▸ EXERCISE OBJECTIVE:
Of all the lines below, output only those starting at the one with "by (rule LeastI)" and ending at the one with "from k(2) have", both ends included, exactly as written.

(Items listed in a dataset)
lemma stS_alg_step: "stS (alg_step n q z s) = insert (istar n s) (stS s)"
  by (simp add: alg_step_def Let_def)

lemma stY_alg_step:
  "stY (alg_step n q z s) i =
     (if iLeft n s < i \<and> i < istar n s then avg z i (istar n s) else stY s i)"
  by (simp add: alg_step_def Let_def)

context
  fixes n :: nat and s :: alg_state
  assumes valid: "valid_state n s" and not_full: "stS s \<noteq> {0..n+1}"
begin

lemma finite_stS: "finite (stS s)"
  using valid finite_subset unfolding valid_state_def by blast

lemma istar:
  shows istar_free: "istar n s \<in> {1..n} - stS s"
    and istar_min: "k \<in> {1..n} - stS s \<Longrightarrow> stY s (istar n s) \<le> stY s k"
    and istar_strict_min:
      "k \<in> {1..n} - stS s \<Longrightarrow> k < istar n s \<Longrightarrow> stY s (istar n s) < stY s k"
proof -
  define F where "F = {1..n} - stS s"
  define P where "P i \<longleftrightarrow> i \<in> F \<and> (\<forall>k\<in>F. stY s i \<le> stY s k)" for i
  have "{0..n+1} = insert 0 (insert (n + 1) {1..n})" by auto
  then have "F \<noteq> {}"
    using valid not_full unfolding valid_state_def F_def by auto
  then have "P (arg_min_on (stY s) F)"
    unfolding P_def F_def using arg_min_if_finite[of F "stY s"] by (auto simp: F_def not_less)
  then have P_istar: "P (istar n s)"
    unfolding istar_def P_def[symmetric] F_def[symmetric] by (rule LeastI)
  then show "istar n s \<in> {1..n} - stS s"
    and "k \<in> {1..n} - stS s \<Longrightarrow> stY s (istar n s) \<le> stY s k"
    unfolding P_def F_def by auto
  assume k: "k \<in> {1..n} - stS s" "k < istar n s"
  from k(2) have "\<not> P k"
    unfolding istar_def P_def[symmetric] F_def[symmetric] by (rule not_less_Least)
  then show "stY s (istar n s) < stY s k"
    using P_istar k unfolding P_def F_def by force
qed

lemma iLeft:
  shows iLeft_mem: "iLeft n s \<in> stS s"
    and iLeft_less: "iLeft n s < istar n s"
    and iLeft_ge: "x \<in> stS s \<Longrightarrow> x < istar n s \<Longrightarrow> x \<le> iLeft n s"
proof -
  let ?A = "{j \<in> stS s. j < istar n s}"
  have fin: "finite ?A" and "0 \<in> ?A"
    using finite_stS valid istar_free unfolding valid_state_def by auto
  then have "Max ?A \<in> ?A" using Max_in[OF fin] by blast
  then show "iLeft n s \<in> stS s" "iLeft n s < istar n s"
    unfolding iLeft_def by auto
  show "x \<in> stS s \<Longrightarrow> x < istar n s \<Longrightarrow> x \<le> iLeft n s"
    unfolding iLeft_def using fin by auto
qed

lemma iRight_eq_next_in: "iRight n s = next_in (stS s) (istar n s)"
  unfolding iRight_def next_in_def ..

lemma iRight_gt: "istar n s < iRight n s"
  unfolding iRight_eq_next_in
  using next_in_gt[OF finite_stS, of "n + 1"] valid istar_free unfolding valid_state_def by auto

lemma between_iLeft_istar_free:
  "iLeft n s < i \<Longrightarrow> i < istar n s \<Longrightarrow> i \<in> {1..n} - stS s"
  using istar_free iLeft_ge[of i] by fastforce

lemma next_in_eq_iRight:
  assumes "iLeft n s < i" "i < istar n s"
  shows "next_in (stS s) i = iRight n s"
proof (rule next_in_eqI[OF finite_stS])
  have "n + 1 \<in> stS s" "istar n s < n + 1"
    using valid istar_free unfolding valid_state_def by auto
  then show "iRight n s \<in> stS s"
    unfolding iRight_eq_next_in by (rule next_in_mem[OF finite_stS])
  show "i < iRight n s" using assms(2) iRight_gt by simp
  fix x assume x: "x \<in> stS s" "i < x"
  then have "istar n s < x"
    using iLeft_ge[of x] istar_free assms(1) by (cases "x = istar n s") fastforce+
  then show "iRight n s \<le> x"
    unfolding iRight_eq_next_in by (rule next_in_le[OF finite_stS x(1)])
qed

lemma next_in_alg_step:
  assumes "i \<in> {1..n} - stS s" "i \<noteq> istar n s"
  shows "next_in (insert (istar n s) (stS s)) i =
           (if iLeft n s < i \<and> i < istar n s then istar n s else next_in (stS s) i)"
proof -
  have fin: "finite (insert (istar n s) (stS s))" using finite_stS by simp
  have top: "n + 1 \<in> stS s" "i < n + 1" using valid assms unfolding valid_state_def by auto
  show ?thesis
  proof (cases "iLeft n s < i \<and> i < istar n s")
    case True
    then show ?thesis using iLeft_ge by (intro next_in_eqI[OF fin]) force+
  next
    case False
    have "i < iLeft n s" if "i < istar n s"
      using False that assms iLeft_mem by (cases "i = iLeft n s") auto
    then have "next_in (stS s) i \<le> istar n s" if "i < istar n s"
      using that iLeft_mem iLeft_less next_in_le[OF finite_stS iLeft_mem] by fastforce
    then show ?thesis
      using False next_in[OF finite_stS top] next_in_le[OF finite_stS]
      by (intro next_in_eqI[OF fin]) (auto simp: not_less)
  qed
qed
lemma exists_x_pos_if_ap_pos:
  assumes "0 < ap i j"
  shows "\<exists>k. 0 < x i k \<and> 0 < ap i k"
proof -
  have "adj i j" "i \<in> V" using adj_if_ap_pos[OF assms] adj_in_V by auto
  then have "(\<Sum>k\<in>{k\<in>V. ap i k > 0}. x i k) \<noteq> 0"
    using x_in_Gamma0 assms unfolding Gamma0_def Gamma_def bdDelta_def by auto
  then obtain k where "k \<in> V" "0 < ap i k" "x i k \<noteq> 0"
    using sum.neutral[of "{k\<in>V. ap i k > 0}" "\<lambda>k. x i k"] by blast
  then show ?thesis using x_nonneg by (auto simp: less_le)
qed

lemma X_pos_if_ap_pos: "0 < ap i j \<Longrightarrow> 0 < X i \<and> 0 < X j"
proof -
  assume "0 < ap i j"
  then have "0 < ap j i" using ap_sym by simp
  with \<open>0 < ap i j\<close> show ?thesis using exists_x_pos_if_ap_pos X_pos_if_x_pos by blast
qed

lemma H_pos: "0 < H"
proof -
  have "0 < (\<Sum>(i, j)\<in>{(i, j)\<in>V \<times> V. ap i j > 0}. x i j)"
    using x_in_Delta h1_pos unfolding Delta_def by auto
  then obtain ij where "ij \<in> {(i, j)\<in>V \<times> V. ap i j > 0}" "0 < (case ij of (i, j) \<Rightarrow> x i j)"
    by (meson not_le sum_nonpos)
  then obtain i j where ij: "i \<in> V" "j \<in> V" "0 < ap i j" "0 < x i j" by auto
  have "0 < X i" "0 < X j" using X_pos_if_x_pos[of i j] X_pos_if_x_pos[of j i] ij(4) x_sym by auto
  then have pos: "0 < ap i j * (x i j)\<^sup>2 / (X i * X j)" using ij by simp
  have nonneg: "0 \<le> ap k l * (x k l)\<^sup>2 / (X k * X l)" for k l
    by (intro divide_nonneg_nonneg mult_nonneg_nonneg ap_nonneg X_nonneg) auto
  have "finite {(i, j)\<in>V \<times> V. x i j > 0}" using finite_V by (auto intro: finite_subset)
  then show ?thesis unfolding Hf_def
    by (rule sum_pos2[where i="(i, j)"]) (use ij pos nonneg in \<open>auto split: prod.splits\<close>)
qed

lemma equilibrium_eq:
  assumes "0 < x i j"
  shows "0 < ap i j" "ap i j * x i j / (X i * X j) = H"
proof -
  have *: "(if ap i j = 0 then 0 else ap i j * x i j / (X i * X j)) = H"
    using F_eq_0[of i j] assms unfolding Ff_def yf_def by auto
  show pos: "0 < ap i j"
  proof (rule ccontr)
    assume "\<not> 0 < ap i j"
    then have "ap i j = 0" using ap_nonneg[of i j] by linarith
    then show False using * H_pos by simp
  qed
  have "ap i j \<noteq> 0" using pos by linarith
  with * show "ap i j * x i j / (X i * X j) = H" by (simp only: if_not_P if_False)
qed

definition xedge :: "'v set \<Rightarrow> real" where "xedge e = case_prod x (epair adj e)"
lemma expected_spacing_pairs_le:
  assumes "1 \<le> k"
  shows "(\<Sum>l=k+1..n. \<Sum>l'=l+k..n+1. prob (ones {l - k, l, l' - k}))
    \<le> \<kappa>^2 * (1 + \<kappa> * harm n) * (harm k / real k)"
proof -
  have inner: "(\<Sum>l'=l+k..n+1. prob (ones {l - k, l, l' - k}))
      \<le> \<kappa>^2 / ((real l - real k) * real l) * (1 + \<kappa> * harm n)" if "k < l" for l
  proof -
    have "(\<Sum>l'=l+k..n+1. prob (ones {l - k, l, l' - k}))
        \<le> (\<Sum>l'=l+k..n+1. \<kappa>^2 / ((real l - real k) * real l) * (of_bool (l' = l + k) + \<kappa> / real (l' - k)))"
      using assms that by (intro sum_mono prob_ones_triple_le) auto
    also have "\<dots> = \<kappa>^2 / ((real l - real k) * real l)
        * ((\<Sum>l'=l+k..n+1. of_bool (l' = l + k)) + (\<Sum>l'=l+k..n+1. \<kappa> / real (l' - k)))"
      by (simp only: sum_distrib_left sum.distrib distrib_left)
    also have "\<dots> \<le> \<kappa>^2 / ((real l - real k) * real l) * (1 + \<kappa> * harm n)"
    proof (intro mult_left_mono add_mono)
      show "(\<Sum>l'=l+k..n+1. of_bool (l' = l + k)) \<le> (1 :: real)"
        by (simp add: of_bool_def)
      have "(\<Sum>l'=l+k..n+1. \<kappa> / real (l' - k)) = (\<Sum>j\<in>(\<lambda>l'. l' - k) ` {l+k..n+1}. \<kappa> / real j)"
        by (subst sum.reindex) (auto simp: inj_on_def)
      also have "\<dots> \<le> (\<Sum>j=1..n. \<kappa> / real j)"
        using assms that one_le_\<kappa> by (intro sum_mono2) auto
      also have "\<dots> = \<kappa> * harm n"
        by (simp add: harm_def sum_distrib_left inverse_eq_divide)
      finally show "(\<Sum>l'=l+k..n+1. \<kappa> / real (l' - k)) \<le> \<kappa> * harm n" .
    qed (use that in auto)
    finally show ?thesis .
  qed
  have "(\<Sum>l=k+1..n. \<Sum>l'=l+k..n+1. prob (ones {l - k, l, l' - k}))
      \<le> (\<Sum>l=k+1..n. \<kappa>^2 / ((real l - real k) * real l) * (1 + \<kappa> * harm n))"
    by (intro sum_mono inner) auto
  also have "\<dots> = \<kappa>^2 * (1 + \<kappa> * harm n) * (\<Sum>l=k+1..n. 1 / ((real l - real k) * real l))"
    by (simp add: sum_distrib_left)
  also have "\<dots> \<le> \<kappa>^2 * (1 + \<kappa> * harm n) * (harm k / real k)"
    using one_le_\<kappa> harm_nonneg[of n]
    by (intro mult_left_mono sum_inverse_diff_mult_le assms mult_nonneg_nonneg add_nonneg_nonneg) auto
  finally show ?thesis .
qed

lemma expected_spacing_pairs_total_le:
  "(\<Sum>k=1..n. 1 / real k * (\<Sum>l=k+1..n. \<Sum>l'=l+k..n+1. prob (ones {l - k, l, l' - k})))
    \<le> 4 * \<kappa>^2 * (1 + \<kappa> * harm n)"
proof -
  have "(\<Sum>k=1..n. 1 / real k * (\<Sum>l=k+1..n. \<Sum>l'=l+k..n+1. prob (ones {l - k, l, l' - k})))
      \<le> (\<Sum>k=1..n. \<kappa>^2 * (1 + \<kappa> * harm n) * (harm k / real k ^ 2))"
  proof (intro sum_mono)
    fix k assume "k \<in> {1..n}"
    then have "1 / real k * (\<Sum>l=k+1..n. \<Sum>l'=l+k..n+1. prob (ones {l - k, l, l' - k}))
        \<le> 1 / real k * (\<kappa>^2 * (1 + \<kappa> * harm n) * (harm k / real k))"
      by (intro mult_left_mono expected_spacing_pairs_le) auto
    then show "1 / real k * (\<Sum>l=k+1..n. \<Sum>l'=l+k..n+1. prob (ones {l - k, l, l' - k}))
        \<le> \<kappa>^2 * (1 + \<kappa> * harm n) * (harm k / real k ^ 2)"
      by (simp add: power2_eq_square)
  qed
  also have "\<dots> = \<kappa>^2 * (1 + \<kappa> * harm n) * (\<Sum>k=1..n. harm k / real k ^ 2)"
    by (simp add: sum_distrib_left)
  also have "\<dots> \<le> \<kappa>^2 * (1 + \<kappa> * harm n) * 4"
    using one_le_\<kappa> harm_nonneg[of n]
    by (intro mult_left_mono sum_harm_div_square_le mult_nonneg_nonneg add_nonneg_nonneg) auto
  finally show ?thesis
    by simp
qed
(* Let $\mathcal{Q}$ be a family of Boolean constraints. If there exists a polynomial \texttt{upi} encoding for $\mathcal{Q}$, then there exists a polynomial \texttt{upac} encoding for $\mathcal{Q}$. That is: if there is a polynomial $P$ such that every $q\in\mathcal{Q}$ on $n$ variables has a \texttt{upi} \textsc{cnf} encoding of size at most $P(n)$, then there is a polynomial $P'$ such that every $q\in\mathcal{Q}$ on $n$ variables has a \textsc{cnf} encoding of size at most $P'(n)$ that is both \texttt{upi} and \texttt{upac}.
   Context: Assignments: an assignment of a Boolean variable $v$ is $[v,1]$ (also written $[v]$) or $[v,0]$ (also written $[\neg v]$); for a literal $\omega$, $[\omega]$ is the assignment making $\omega$ true. For a set $V$ of Boolean variables, $\mathcal{A}_V$ is the set of complete non-contradictory assignments on $V$ (exactly one value per variable) and $\mathcal{I}_V$ the set of partial non-contradictory assignments (at most one value per variable). $\mathtt{lit}(V)=\bigcup_{v\in V}\{v,\neg v\}$. The size of a \textsc{cnf} formula is the total number of literal occurrences in its clauses. For a \textsc{cnf} formula $\Sigma$ and an assignment $I$, $\Sigma|_I$ is $\Sigma$ together with the unit clause $(v)$ for each $[v,1]\in I$ and $(\neg v)$ for each $[v,0]\in I$. Unit resolution: given an assignment $U$, a clause $c$ is unit w.r.t. $U$ if $U$ falsifies all literals of $c$ except exactly one, its active literal $\omega$. Unit resolution on $\Sigma$ starts with $U=\emptyset$ and repeatedly adds $[\omega]$ for active literals $\omega$ of unit clauses w.r.t. $U$, until $U$ is contradictory (contains $[v,0]$ and $[v,1]$ for some $v$) or nothing new can be added. It "produces the empty clause" iff $U$ becomes contradictory, and "infers $[\omega]$" iff $[\omega]$ is added to $U$. Constraints: a Boolean constraint $q$ on a finite variable set $V$ is any representation of a function $h_q:\mathcal{A}_V\to\{\mathtt{sat},\mathtt{unsat}\}$; $A\in\mathcal{A}_V$ satisfies $q$ iff $h_q(A)=\mathtt{sat}$, otherwise falsifies it. A partial assignment $I\in\mathcal{I}_V$ falsifies $q$ iff every $A\in\mathcal{A}_V$ with $I\subseteq A$ falsifies $q$. A \textsc{cnf} encoding of $q$ is a \textsc{cnf} formula $\Sigma_q$ (possibly with extra variables outside $V$) such that for every $A\in\mathcal{A}_V$, $\Sigma_q|_A$ is satisfiable iff $A$ satisfies $q$. It is \texttt{upi} if for every $I\in\mathcal{I}_V$, unit resolution on $\Sigma_q|_I$ produces the empty clause iff $I$ falsifies $q$. It is \texttt{upac} if for every $I\in\mathcal{I}_V$ that does not falsify $q$ and every literal $\omega\in\mathtt{lit}(V)$ with $[\omega]\notin I$, unit resolution on $\Sigma_q|_I$ does not produce the empty clause, and it infers $[\omega]$ iff $I\cup\{[\neg\omega]\}$ falsifies $q$. An encoding scheme for a family $\mathcal{Q}$ is polynomial if the size of the encoding of each $q\in\mathcal{Q}$ is bounded by a fixed polynomial in the number of variables of $q$. *)

theory Defs
  imports "HOL-Computational_Algebra.Polynomial"
begin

▸ REPLY TO THE TASK:
    unfolding istar_def P_def[symmetric] F_def[symmetric] by (rule LeastI)
  then show "istar n s \<in> {1..n} - stS s"
    and "k \<in> {1..n} - stS s \<Longrightarrow> stY s (istar n s) \<le> stY s k"
    unfolding P_def F_def by auto
  assume k: "k \<in> {1..n} - stS s" "k < istar n s"
  from k(2) have "\<not> P k"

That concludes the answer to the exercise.